(Beginning of Data to process)

(* Let $\lambda$ be a strict partition of $n$, let $T$ be a standard shifted tableau of shape $\lambda$, and let $D\subseteq[n-1]$ be such that $\mathrm{Peak}(T)\subseteq D\triangle(D+1)$. Then \[\bigl|\{S \text{ marked-standard shifted tableau of shape } \lambda\,:\,\mathrm{Des}(S)=D,\ |S|=T\}\bigr| = 2^{|\mathrm{Peak}(T)|+1-\ell(\lambda)}.\]
   Context: For $m\le n$ let $[m,n]=\{m,\dots,n\}$ and $[n]=[1,n]$. A partition is strict if its parts are distinct; $\ell(\lambda)$ is the number of parts. The shifted shape of a strict partition $\lambda=(\lambda_1,\dots,\lambda_r)$ has $\lambda_i$ boxes in row $i$, shifted $i-1$ units to the right relative to the top row. A (marked) shifted tableau of shape $\lambda$ is a filling of the shifted shape with letters from $1'<1<2'<2<\cdots$ such that rows and columns weakly increase, each unprimed $k$ appears at most once per column, each $k'$ appears at most once per row, and there are no primed entries on the main diagonal. It is standard if it contains each of $1,\dots,n$ exactly once (unprimed), and marked-standard if each of $1,\dots,n$ appears exactly once, possibly primed. For a marked shifted tableau $S$, $|S|$ denotes the tableau obtained by removing all primes. For a (marked-)standard shifted tableau $T$ of size $n$, its descent set is $\mathrm{Des}(T)=\{i\in[n-1]: i \text{ is strictly higher (in an upper row) than } i+1 \text{ or } (i+1)' \text{ in } T, \text{ or } (i+1)' \text{ is weakly higher than } i \text{ or } i' \text{ in } T\}$. For $D\subseteq[n-1]$, the peak set is $\mathrm{Peak}(D)=\{i\in D\setminus\{1\}: i-1\notin D\}$, and $\mathrm{Peak}(T):=\mathrm{Peak}(\mathrm{Des}(T))$. Also $D+1=\{d+1:d\in D\}$ and $D\triangle(D+1)=(D\setminus(D+1))\cup((D+1)\setminus D)$. *)

theory Defs
  imports Complex_Main
begin

text \<open>Letters: a pair (k, p) stands for k if p = False and for k' if p = True.
  Cells of a shifted shape are pairs (row, column), 0-indexed; row i occupies
  columns i, ..., i + lam!i - 1. The main diagonal consists of cells (i,i).
  A row with smaller index is "higher".\<close>

type_synonym letter = "nat \<times> bool"
type_synonym cell = "nat \<times> nat"

definition strict_partition :: "nat list \<Rightarrow> bool" where
  "strict_partition lam \<longleftrightarrow> sorted_wrt (>) lam \<and> (\<forall>x\<in>set lam. 0 < x)"

definition shifted_cells :: "nat list \<Rightarrow> cell set" where
  "shifted_cells lam = {(i,j). i < length lam \<and> i \<le> j \<and> j < i + lam ! i}"

text \<open>Total order 1' < 1 < 2' < 2 < ... via a rank.\<close>
definition letter_rank :: "letter \<Rightarrow> nat" where
  "letter_rank x = 2 * fst x - (if snd x then 1 else 0)"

(End of Data to process)

== What is required ==
Each line from the one containing "text \<open>Total order" through the end of the material must be returned exactly; no other line should appear.

== Your solution ==
text \<open>Total order 1' < 1 < 2' < 2 < ... via a rank.\<close>
definition letter_rank :: "letter \<Rightarrow> nat" where
  "letter_rank x = 2 * fst x - (if snd x then 1 else 0)"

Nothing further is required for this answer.